OBJECTIVE: To construct the p27 protein of simian D-type retrovirus, and establish a flow immunofluorescence microsphere detection technology for the detection of simian D-type retrovirus.
Methods: The p27 gene fragment was amplified by PCR, ligated with pGEX-4T-1 expression vector, and transformed into BL21 (DE3) for expression. The form of protein expression and the optimal induction time were analyzed by SDS-PAGE. The target protein was purified by GST resin, coated with magnetic beads, and a flow-type immunofluorescence microsphere detection technology was established for the detection of clinical samples.
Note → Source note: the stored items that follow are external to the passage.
(* Let $k$ be a field, $A_0\subseteq\mathrm{M}_n(k)$ a $d$-dimensional $k$-subalgebra, and $R=k[\epsilon]/(\epsilon^2)$. Let $\mathrm{Def}_{A_0}(R)$ be the set of $R$-subalgebras $A\subseteq\mathrm{M}_n(R)$ such that $A$ and $\mathrm{M}_n(R)/A$ are free $R$-modules, $\mathrm{rank}_R A=d$, and the image of $A$ under reduction $\mathrm{M}_n(R)\to\mathrm{M}_n(k)$ modulo $\epsilon$ is $A_0$ (i.e. $A\otimes_R k=A_0$ inside $\mathrm{M}_n(k)$). Let $G(R)=\{P\in\mathrm{PGL}_n(R)\mid P\equiv [I_n]\bmod \epsilon\}$, acting on $\mathrm{Def}_{A_0}(R)$ by $(A,P)\mapsto P^{-1}AP$. Then there is a bijection $H^1(A_0,\mathrm{M}_n(k)/A_0)\cong \mathrm{Def}_{A_0}(R)/G(R)$.
   Context: $H^1$ is Hochschild cohomology, with $\mathrm{M}_n(k)/A_0$ an $A_0$-bimodule via matrix multiplication. $\mathrm{PGL}_n(R)=\mathrm{GL}_n(R)/(R^\times I_n)$ for the local ring $R$, and $[I_n]$ is the class of the identity. *)

theory Defs
  imports "HOL-Analysis.Analysis"
begin

(* Matrices over k: type 'k^'n^'n (n = CARD('n)).  Matrices over R = k[eps]/(eps^2):
   pairs (X,Y) standing for X + eps*Y.  Elements of R: pairs (a,b) = a + eps*b. *)

type_synonym ('k,'n) kmat = "'k^'n^'n"
type_synonym ('k,'n) rmat = "('k,'n) kmat \<times> ('k,'n) kmat"
type_synonym 'k rel_ring = "'k \<times> 'k"

definition ksc :: "'k::field \<Rightarrow> ('k,'n::finite) kmat \<Rightarrow> ('k,'n) kmat" where
  "ksc c X = (\<chi> i j. c * X$i$j)"

definition k_subalgebra :: "('k::field,'n::finite) kmat set \<Rightarrow> bool" where
  "k_subalgebra A0 \<longleftrightarrow> 0 \<in> A0 \<and> mat 1 \<in> A0 \<and>
     (\<forall>x\<in>A0. \<forall>y\<in>A0. x + y \<in> A0 \<and> x ** y \<in> A0) \<and>
     (\<forall>c. \<forall>x\<in>A0. ksc c x \<in> A0)"

definition k_dim :: "('k::field,'n::finite) kmat set \<Rightarrow> nat \<Rightarrow> bool" where
  "k_dim A0 d \<longleftrightarrow> (\<exists>b :: nat \<Rightarrow> ('k,'n) kmat. (\<forall>i<d. b i \<in> A0) \<and>
     (\<forall>x\<in>A0. \<exists>c :: nat \<Rightarrow> 'k. x = (\<Sum>i<d. ksc (c i) (b i))) \<and>
     (\<forall>c :: nat \<Rightarrow> 'k. (\<Sum>i<d. ksc (c i) (b i)) = 0 \<longrightarrow> (\<forall>i<d. c i = 0)))"

definition cos :: "('k::field,'n::finite) kmat set \<Rightarrow> ('k,'n) kmat \<Rightarrow> ('k,'n) kmat set" where
  "cos A0 m = {x. x - m \<in> A0}"

definition quotmod :: "('k::field,'n::finite) kmat set \<Rightarrow> ('k,'n) kmat set set" where
  "quotmod A0 = range (cos A0)"
(* Let $R$ be a finite principal left ideal ring, $<$ a respectful order on $R$, $B$ an ordered basis of $R^n$, and $P$ a left multiplicative property on $R^n$ with $P[0]$ true. Then the lexicode $C(<,B,P)$ is maximal with respect to inclusion among all left submodules $C\subseteq R^n$ such that $P[x]$ holds for all $x\in C$; i.e., there is no left submodule $C$ with $C(<,B,P)\subsetneq C\subseteq R^n$ all of whose elements satisfy $P$.
   Context: $R^\ast$ is the unit group of $R$. A property $P:R^n\to\{\text{true},\text{false}\}$ is left multiplicative if $P[ux]=P[x]$ for all $u\in R^\ast$, $x\in R^n$. A total order $<$ on $R$ is respectful if for all nonzero $x,y\in R$ with $Rx\supsetneq Ry$ there is $\alpha\in R^\ast$ with $\alpha x<uy$ for all $u\in R^\ast$. Fix an ordered basis $B=(b_1,\dots,b_n)$ of the free left module $R^n$; put $V_0=\{0\}$ and $V_i=Rb_1+\dots+Rb_i$. The lexicographic order on $R^n$: if $x\in V_{i-1}$ and $y\in V_i\setminus V_{i-1}$ then $x<y$; if $x\ne y$ both lie in $V_i\setminus V_{i-1}$, write $x=\sum_{j\le i}x_jb_j$, $y=\sum_{j\le i}y_jb_j$, let $k$ be the largest index with $x_k\ne y_k$, and set $x<y$ iff $x_k<y_k$ in $R$. Fix a set $\Gamma\subseteq R$ containing one generator of each nonzero left ideal of $R$. Greedy algorithm: $C_0=\{0\}$; for $i=1,\dots,n$, let $a_i$ be the smallest vector of $V_i\setminus V_{i-1}$ (if any) such that $P[\gamma a_i+c]$ is true for all $\gamma\in\Gamma$ and all $c\in C_{i-1}$; if such $a_i$ exists set $C_i=Ra_i+C_{i-1}$, otherwise $C_i=C_{i-1}$. The lexicode is $C(<,B,P):=C_n$. *)

theory Defs
  imports Main
begin

text \<open>The ring R is a type 'a of class ring_1 (possibly noncommutative) with finite.
  R^n is modelled as functions nat => 'a vanishing from index n on.
  Indices are 0-based: basis vector B j (j < n) is the paper's b_(j+1).\<close>

definition is_unit :: "'a::ring_1 \<Rightarrow> bool" where
  "is_unit u \<longleftrightarrow> (\<exists>v. u * v = 1 \<and> v * u = 1)"

definition left_ideal :: "'a::ring_1 set \<Rightarrow> bool" where
  "left_ideal I \<longleftrightarrow> 0 \<in> I \<and> (\<forall>x\<in>I. \<forall>y\<in>I. x + y \<in> I) \<and> (\<forall>r. \<forall>x\<in>I. r * x \<in> I)"

definition lgen :: "'a::ring_1 \<Rightarrow> 'a set" where
  "lgen x = {r * x | r. True}"

definition principal_left_ideal_ring :: "'a::ring_1 itself \<Rightarrow> bool" where
  "principal_left_ideal_ring _ \<longleftrightarrow> (\<forall>I::'a set. left_ideal I \<longrightarrow> (\<exists>x. I = lgen x))"

definition strict_total_order :: "('a \<Rightarrow> 'a \<Rightarrow> bool) \<Rightarrow> bool" where
  "strict_total_order lt \<longleftrightarrow> (\<forall>x. \<not> lt x x) \<and> (\<forall>x y z. lt x y \<longrightarrow> lt y z \<longrightarrow> lt x z)
     \<and> (\<forall>x y. x \<noteq> y \<longrightarrow> lt x y \<or> lt y x)"

definition respectful :: "('a::ring_1 \<Rightarrow> 'a \<Rightarrow> bool) \<Rightarrow> bool" where
  "respectful lt \<longleftrightarrow> strict_total_order lt \<and>
     (\<forall>x y. x \<noteq> 0 \<longrightarrow> y \<noteq> 0 \<longrightarrow> lgen y \<subset> lgen x \<longrightarrow>
        (\<exists>\<alpha>. is_unit \<alpha> \<and> (\<forall>u. is_unit u \<longrightarrow> lt (\<alpha> * x) (u * y))))"
(* Let $C=\langle A,G\rangle$ be a contract over a fixed vector of typed state variables $\vec{s}$ and a fixed vector of typed input variables $\vec{i}$, with assumption $A=\langle A_I,A_T\rangle$ and guarantee $G=\langle G_I,G_T\rangle$. Then $C$ is realizable if and only if \[ \forall \vec{i}.\; A_I[\vec{i}] \Rightarrow \exists \vec{s}.\; \big(G_I[\vec{s},\vec{i}] \land \mathit{Viable}_C(\vec{s})\big). \]
   Context: Fix a vector $\vec{s}$ of typed state variables and a vector $\vec{i}$ of typed input variables; a state is a type-consistent valuation of $\vec{s}$ and an input is a type-consistent valuation of $\vec{i}$. Primed vectors $\vec{s}',\vec{i}'$ denote renamed copies used for next-step values. Predicates are formulas over the indicated variables, interpreted as relations on valuations. A transition system $S=\langle \vec{s},\vec{i},I,T\rangle$ consists of an initial predicate $I[\vec{s},\vec{i}]$ and a transition predicate $T[\vec{s},\vec{i}',\vec{s}']$. A contract is a pair $C=\langle A,G\rangle$ with: - an assumption $A=\langle A_I,A_T\rangle$, where $A_I[\vec{i}]$ is a predicate over the inputs and $A_T[\vec{s},\vec{i}']$ is a predicate over the current state and the next inputs; - a guarantee $G=\langle G_I,G_T\rangle$, where $G_I[\vec{s},\vec{i}]$ and $G_T[\vec{s},\vec{i}',\vec{s}']$ are predicates. In particular, $G$ is itself a transition system with the same state and input variables. Reachable states under an assumption: for a transition system $S=\langle \vec{s},\vec{i},I,T\rangle$ and an assumption $A$, the set $\mathit{Reachable}_{S,A}$ is the least set of states such that: - every state $\vec{s}$ for which there is an input $\vec{i}_0$ with $A_I[\vec{i}_0]\land I[\vec{s},\vec{i}_0]$ belongs to it; and - whenever $\vec{s}_p\in\mathit{Reachable}_{S,A}$ and $A_T[\vec{s}_p,\vec{i}']\land T[\vec{s}_p,\vec{i}',\vec{s}]$ hold, then $\vec{s}\in\mathit{Reachable}_{S,A}$. $S$ satisfies $C$ if both of the following hold: 1. $\forall\vec{s},\vec{i}.\; A_I[\vec{i}]\land I[\vec{s},\vec{i}]\Rightarrow G_I[\vec{s},\vec{i}]$; 2. $\forall \vec{s},\vec{i}',\vec{s}'.\; \mathit{Reachable}_{S,A}(\vec{s})\land A_T[\vec{s},\vec{i}']\land T[\vec{s},\vec{i}',\vec{s}']\Rightarrow G_T[\vec{s},\vec{i}',\vec{s}']$. $S$ is input-enabled under $A$ if both of the following hold: 1. $\forall\vec{i}.\; A_I[\vec{i}]\Rightarrow\exists\vec{s}.\, I[\vec{s},\vec{i}]$; 2. $\forall\vec{s},\vec{i}'.\; \mathit{Reachable}_{S,A}(\vec{s})\land A_T[\vec{s},\vec{i}']\Rightarrow\exists\vec{s}'.\,T[\vec{s},\vec{i}',\vec{s}']$. $S$ is a realization of $C$ if $S$ satisfies $C$ and is input-enabled under $A$. The contract $C$ is realizable if there exists a transition system over the same state variables $\vec{s}$ and input variables $\vec{i}$ that is a realization of $C$. Viable states: $\mathit{Viable}_C$ is the greatest (coinductively defined) set of states satisfying \[ \mathit{Viable}_C(\vec{s}) \iff \forall \vec{i}'.\; A_T[\vec{s},\vec{i}']\Rightarrow \exists \vec{s}'.\; G_T[\vec{s},\vec{i}',\vec{s}']\land \mathit{Viable}_C(\vec{s}'). \] Informally, these are the states from which $G_T$ can keep responding to valid inputs forever. *)

theory Defs
  imports Main
begin

(* States are values of type 's (valuations of the state vector),
   inputs are values of type 'i (valuations of the input vector). *)

record ('s, 'i) transition_system =
  init :: "'s \<Rightarrow> 'i \<Rightarrow> bool"
  trans :: "'s \<Rightarrow> 'i \<Rightarrow> 's \<Rightarrow> bool"

record ('s, 'i) assumption =
  A_I :: "'i \<Rightarrow> bool"
  A_T :: "'s \<Rightarrow> 'i \<Rightarrow> bool"

record ('s, 'i) contract =
  assm :: "('s, 'i) assumption"
  guar :: "('s, 'i) transition_system"

inductive Reachable :: "('s, 'i) transition_system \<Rightarrow> ('s, 'i) assumption \<Rightarrow> 's \<Rightarrow> bool"
  for S A where
  base: "A_I A i0 \<Longrightarrow> init S s i0 \<Longrightarrow> Reachable S A s"
| step: "Reachable S A sp \<Longrightarrow> A_T A sp i' \<Longrightarrow> trans S sp i' s \<Longrightarrow> Reachable S A s"

definition satisfies :: "('s, 'i) transition_system \<Rightarrow> ('s, 'i) contract \<Rightarrow> bool" where
  "satisfies S C \<longleftrightarrow>
     (\<forall>s i. A_I (assm C) i \<and> init S s i \<longrightarrow> init (guar C) s i) \<and>
     (\<forall>s i' s'. Reachable S (assm C) s \<and> A_T (assm C) s i' \<and> trans S s i' s'
                \<longrightarrow> trans (guar C) s i' s')"

definition input_enabled :: "('s, 'i) transition_system \<Rightarrow> ('s, 'i) assumption \<Rightarrow> bool" where
  "input_enabled S A \<longleftrightarrow>
     (\<forall>i. A_I A i \<longrightarrow> (\<exists>s. init S s i)) \<and>
     (\<forall>s i'. Reachable S A s \<and> A_T A s i' \<longrightarrow> (\<exists>s'. trans S s i' s'))"

definition realization :: "('s, 'i) transition_system \<Rightarrow> ('s, 'i) contract \<Rightarrow> bool" where
  "realization S C \<longleftrightarrow> satisfies S C \<and> input_enabled S (assm C)"

definition realizable :: "('s, 'i) contract \<Rightarrow> bool" where
  "realizable C \<longleftrightarrow> (\<exists>S :: ('s, 'i) transition_system. realization S C)"

coinductive Viable :: "('s, 'i) contract \<Rightarrow> 's \<Rightarrow> bool" for C where
  "(\<And>i'. A_T (assm C) s i' \<Longrightarrow> \<exists>s'. trans (guar C) s i' s' \<and> Viable C s') \<Longrightarrow> Viable C s"

end

theory Submission
  imports Defs
begin

(* Necessity: every state reachable in a realization is viable, since input-enabledness
   supplies a response to each valid input and satisfaction makes it a G_T-step to a
   reachable state; so the reachable states form a post-fixed point of the Viable
   functor. Sufficiency: restrict G to viable states. Every viable state has a G_T-step
   to a viable state for each valid input, so this restriction is input-enabled, and it
   satisfies C trivially since its steps are G-steps. *)

lemma realization_Reachable_Viable:
  assumes R: "realization S C" and "Reachable S (assm C) s"
  shows "Viable C s"
  using assms(2)
proof (coinduct rule: Viable.coinduct)
  case (Viable s)
  have "\<exists>s'. trans (guar C) s i' s' \<and> (Reachable S (assm C) s' \<or> Viable C s')"
    if A: "A_T (assm C) s i'" for i'
  proof -
    from R Viable A obtain s' where step: "trans S s i' s'"
      unfolding realization_def input_enabled_def by blast
    with R Viable A have "trans (guar C) s i' s'"
      unfolding realization_def satisfies_def by blast
    with Reachable.step[OF Viable A step] show ?thesis by blast
  qed
  then show ?case by blast
qed

lemma realization_init_Viable:
  assumes R: "realization S C" and A: "A_I (assm C) i"
  obtains s where "init (guar C) s i" and "Viable C s"
proof -
  from R A obtain s where "init S s i"
    unfolding realization_def input_enabled_def by blast
  with R A show thesis
    using that realization_Reachable_Viable[OF R Reachable.base[OF A]]
    unfolding realization_def satisfies_def by blast
qed

definition viable_restriction :: "('s, 'i) contract \<Rightarrow> ('s, 'i) transition_system" where
  "viable_restriction C =
     \<lparr>init = (\<lambda>s i. init (guar C) s i \<and> Viable C s),
      trans = (\<lambda>s i s'. trans (guar C) s i s' \<and> Viable C s')\<rparr>"

lemma Reachable_viable_restriction_Viable:
  "Reachable (viable_restriction C) A s \<Longrightarrow> Viable C s"
  by (induction rule: Reachable.induct) (auto simp: viable_restriction_def)

lemma realization_viable_restriction:
  assumes "\<forall>i. A_I (assm C) i \<longrightarrow> (\<exists>s. init (guar C) s i \<and> Viable C s)"
  shows "realization (viable_restriction C) C"
  unfolding realization_def satisfies_def input_enabled_def
proof (intro conjI allI impI)
  fix s i'
  assume "Reachable (viable_restriction C) (assm C) s \<and> A_T (assm C) s i'"
  then have "Viable C s" and "A_T (assm C) s i'"
    using Reachable_viable_restriction_Viable by auto
  then show "\<exists>s'. trans (viable_restriction C) s i' s'"
    by (cases rule: Viable.cases) (auto simp: viable_restriction_def)
qed (use assms in \<open>auto simp: viable_restriction_def\<close>)

theorem theorem1:
  fixes C :: "('s, 'i) contract"
  shows "realizable C \<longleftrightarrow>
           (\<forall>i. A_I (assm C) i \<longrightarrow> (\<exists>s. init (guar C) s i \<and> Viable C s))"
proof
  assume "realizable C"
  then obtain S :: "('s, 'i) transition_system" where "realization S C"
    unfolding realizable_def by blast
  then show "\<forall>i. A_I (assm C) i \<longrightarrow> (\<exists>s. init (guar C) s i \<and> Viable C s)"
    by (metis realization_init_Viable)
next
  assume "\<forall>i. A_I (assm C) i \<longrightarrow> (\<exists>s. init (guar C) s i \<and> Viable C s)"
  then show "realizable C"
    unfolding realizable_def by (blast intro: realization_viable_restriction)
qed

end
(* Let $X\in\mathbb{R}^{n\times p}$ with columns $\mathbf x_1,\dots,\mathbf x_p$, let $\mathbf y\in\mathbb{R}^n$, $\mathbf y\neq\mathbf 0$, let $\|X^T\mathbf y\|_\infty\ge\lambda_1>\lambda_2>0$, and fix $j$ with $\mathbf x_j\ne\mathbf 0$. Define $$\Omega=\Big\{\boldsymbol\theta\in\mathbb{R}^n:\ \big\langle\boldsymbol\theta_1^*-\tfrac{\mathbf y}{\lambda_1},\boldsymbol\theta-\boldsymbol\theta_1^*\big\rangle\ge0,\ \big\langle\boldsymbol\theta-\tfrac{\mathbf y}{\lambda_2},\boldsymbol\theta_1^*-\boldsymbol\theta\big\rangle\ge0\Big\},$$ $u_j^+(\lambda_2)=\max_{\boldsymbol\theta\in\Omega}\langle\mathbf x_j,\boldsymbol\theta\rangle$ and $u_j^-(\lambda_2)=\max_{\boldsymbol\theta\in\Omega}\langle-\mathbf x_j,\boldsymbol\theta\rangle$. Let $\mathbf a=\frac{\mathbf y}{\lambda_1}-\boldsymbol\theta_1^*$, $\mathbf b=\frac{\mathbf y}{\lambda_2}-\boldsymbol\theta_1^*$, and when $\mathbf a\ne\mathbf 0$ let $\mathbf x_j^\perp=\mathbf x_j-\mathbf a\frac{\langle\mathbf x_j,\mathbf a\rangle}{\|\mathbf a\|_2^2}$ and $\mathbf y^\perp=\mathbf y-\mathbf a\frac{\langle\mathbf y,\mathbf a\rangle}{\|\mathbf a\|_2^2}$. Consider the formulas (P1) $u_j^+(\lambda_2)=\langle\mathbf x_j,\boldsymbol\theta_1^*\rangle+\frac{\frac1{\lambda_2}-\frac1{\lambda_1}}{2}\big[\|\mathbf x_j^\perp\|_2\|\mathbf y^\perp\|_2+\langle\mathbf x_j^\perp,\mathbf y^\perp\rangle\big]$; (N1) $u_j^-(\lambda_2)=-\langle\mathbf x_j,\boldsymbol\theta_1^*\rangle+\frac{\frac1{\lambda_2}-\frac1{\lambda_1}}{2}\big[\|\mathbf x_j^\perp\|_2\|\mathbf y^\perp\|_2-\langle\mathbf x_j^\perp,\mathbf y^\perp\rangle\big]$; (N2) $u_j^-(\lambda_2)=-\langle\mathbf x_j,\boldsymbol\theta_1^*\rangle+\frac12\big[\|\mathbf x_j\|_2\|\mathbf b\|_2-\langle\mathbf x_j,\mathbf b\rangle\big]$; (P2) $u_j^+(\lambda_2)=\langle\mathbf x_j,\boldsymbol\theta_1^*\rangle+\frac12\big[\|\mathbf x_j\|_2\|\mathbf b\|_2+\langle\mathbf x_j,\mathbf b\rangle\big]$. Then: 1) If $\mathbf a\ne\mathbf 0$ and $\frac{\langle\mathbf b,\mathbf a\rangle}{\|\mathbf b\|_2\|\mathbf a\|_2}>\frac{|\langle\mathbf x_j,\mathbf a\rangle|}{\|\mathbf x_j\|_2\|\mathbf a\|_2}$, then (P1) and (N1) hold. 2) If $\langle\mathbf x_j,\mathbf a\rangle>0$ and $\frac{\langle\mathbf b,\mathbf a\rangle}{\|\mathbf b\|_2\|\mathbf a\|_2}\le\frac{\langle\mathbf x_j,\mathbf a\rangle}{\|\mathbf x_j\|_2\|\mathbf a\|_2}$, then (P1) and (N2) hold. 3) If $\langle\mathbf x_j,\mathbf a\rangle<0$ and $\frac{\langle\mathbf b,\mathbf a\rangle}{\|\mathbf b\|_2\|\mathbf a\|_2}\le\frac{-\langle\mathbf x_j,\mathbf a\rangle}{\|\mathbf x_j\|_2\|\mathbf a\|_2}$, then (P2) and (N1) hold. 4) If $\mathbf a=\mathbf 0$, then (N2) and (P2) hold.
   Context: $X\in\mathbb{R}^{n\times p}$ is a matrix with columns $\mathbf x_j$ and $\mathbf y\in\mathbb{R}^n$ a vector. Let $F=\{\boldsymbol\theta\in\mathbb{R}^n:\|X^T\boldsymbol\theta\|_\infty\le 1\}$. For $\lambda>0$, the Lasso dual optimum $\boldsymbol\theta^*(\lambda)$ is the unique minimizer of $\frac12\|\boldsymbol\theta-\mathbf y/\lambda\|_2^2$ over $\boldsymbol\theta\in F$, i.e. the Euclidean projection of $\mathbf y/\lambda$ onto $F$. Write $\boldsymbol\theta_1^*=\boldsymbol\theta^*(\lambda_1)$. *)

theory Defs
  imports "HOL-Analysis.Analysis"
begin
(* Let $S\subset\mathbb T^d$ be closed and $S^c=\overline{\mathbb T^d\setminus S}$. Suppose there exist $p_1,\dots,p_M\in\mathbb T^d$ and $r\in(0,r_{\max})$ such that (a) $B_{2r}(p_i)\cap B_{2r}(p_j)=\emptyset$ for all $i\ne j$, and (b) $S^c\subset\bigcup_iB_r(p_i)$. Then for $1\le k\le d-1$ the map $i_*:H_k(S)\to H_k(\mathbb T^d)$ induced by inclusion is surjective.
   Context: $\mathbb T^d=\mathbb R^d/\mathbb Z^d$ is the flat torus with the toroidal metric, $d\ge2$; $B_r(p)$ denotes the closed metric ball. $r_{\max}>0$ is a fixed small constant such that every ball of radius $\le 2r_{\max}$ in $\mathbb T^d$ is isometric to a Euclidean ball (in particular balls and annuli of radii below it are contractible, respectively homotopy equivalent to $\mathbb S^{d-1}$). Homology is singular homology with field coefficients. *)

theory Defs
  imports "HOL-Analysis.Analysis" "HOL-Homology.Homology"
begin

text \<open>Flat torus R^d / Z^d, modelled on the fundamental domain [0,1)^d inside real^'n,
  with the toroidal (quotient) metric.\<close>

definition torus_carrier :: "(real^'n) set" where
  "torus_carrier = {x. \<forall>i. 0 \<le> x$i \<and> x$i < 1}"

definition torus_dist :: "real^'n \<Rightarrow> real^'n \<Rightarrow> real" where
  "torus_dist x y = Inf ((\<lambda>z. norm (x - y - z)) ` {z. \<forall>i. z$i \<in> \<int>})"

definition torus_top :: "(real^'n) topology" where
  "torus_top = Metric_space.mtopology torus_carrier torus_dist"

definition torus_cball :: "real^'n \<Rightarrow> real \<Rightarrow> (real^'n) set" where
  "torus_cball p r = Metric_space.mcball torus_carrier torus_dist p r"

end

theory Submission
  imports Defs
begin

text \<open>Remove the open balls of radius \<open>3r/2\<close> around the \<open>p\<^sub>i\<close> one at a time; what is left lies
  inside \<open>S\<close>. Each ball sits well inside the closed ball \<open>B\<close> of radius \<open>2r\<close>, which the earlier removals
  have not touched, so by excision the relative group of the pair (current space, ball removed) is that of
  (\<open>B\<close>, annulus). Since \<open>B\<close> is contractible this is the reduced homology in degree \<open>k - 1\<close> of the annulus,
  i.e. of \<open>S\<^sup>d\<^sup>-\<^sup>1\<close>, which vanishes for \<open>k \<noteq> d\<close>; exactness then makes each inclusion surjective on \<open>H\<^sub>k\<close>.
  Balls of radius below 1/4 in the torus are isometric to Euclidean ones via \<open>v \<mapsto> frac (p + v)\<close>.\<close>

section \<open>Surjectivity of inclusions on homology\<close>

definition inclusion_surjective_on_homology :: "int \<Rightarrow> 'a topology \<Rightarrow> 'a set \<Rightarrow> bool" where
  "inclusion_surjective_on_homology k X S \<longleftrightarrow>
     hom_induced k (subtopology X S) {} X {} id ` carrier (homology_group k (subtopology X S))
       = carrier (homology_group k X)"

lemma inclusion_surjective_on_homology_if_trivial_relative:
  assumes "trivial_group (relative_homology_group k X S)"
  shows "inclusion_surjective_on_homology k X S"
proof -
  have "hom_induced k (subtopology X S) {} X {} id ` carrier (homology_group k (subtopology X S))
      = kernel (homology_group k X) (relative_homology_group k X S) (hom_induced k X {} X S id)"
    using homology_exactness_axiom_3[of k X S] by simp
  also have "\<dots> = carrier (homology_group k X)"
    using assms hom_induced_hom[of k X "{}" X S id]
    by (auto simp: kernel_def trivial_group_def hom_def Pi_def)
  finally show ?thesis
    by (simp add: inclusion_surjective_on_homology_def)
qed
RESULTS: The recombinant protein was expressed in soluble supernatant, and the optimal induction time was 4 h. After coating the magnetic beads, the flow-type immunofluorescence microsphere detection technology was successfully established. The positive serum can still be detected as positive when diluted 81 times. It has no cross-reaction with the positive serum of other monkey pathogens, and has strong specificity. Twenty-four clinical samples were tested, of which 3 samples were positive for flow immunofluorescence microspheres, 2 were positive for ELISA, and 1 was negative. The coincidence rate of the two methods was 96%.
Conclusion: The monkey D-type retrovirus p27 protein was successfully expressed, and the protein was used to establish a flow-based immunofluorescence microsphere detection technology with high sensitivity, strong specificity, and less sample requirements, which was used for the subsequent promotion and application of multiple flow-based immunofluorescence microspheres. Detection technology laid the foundation.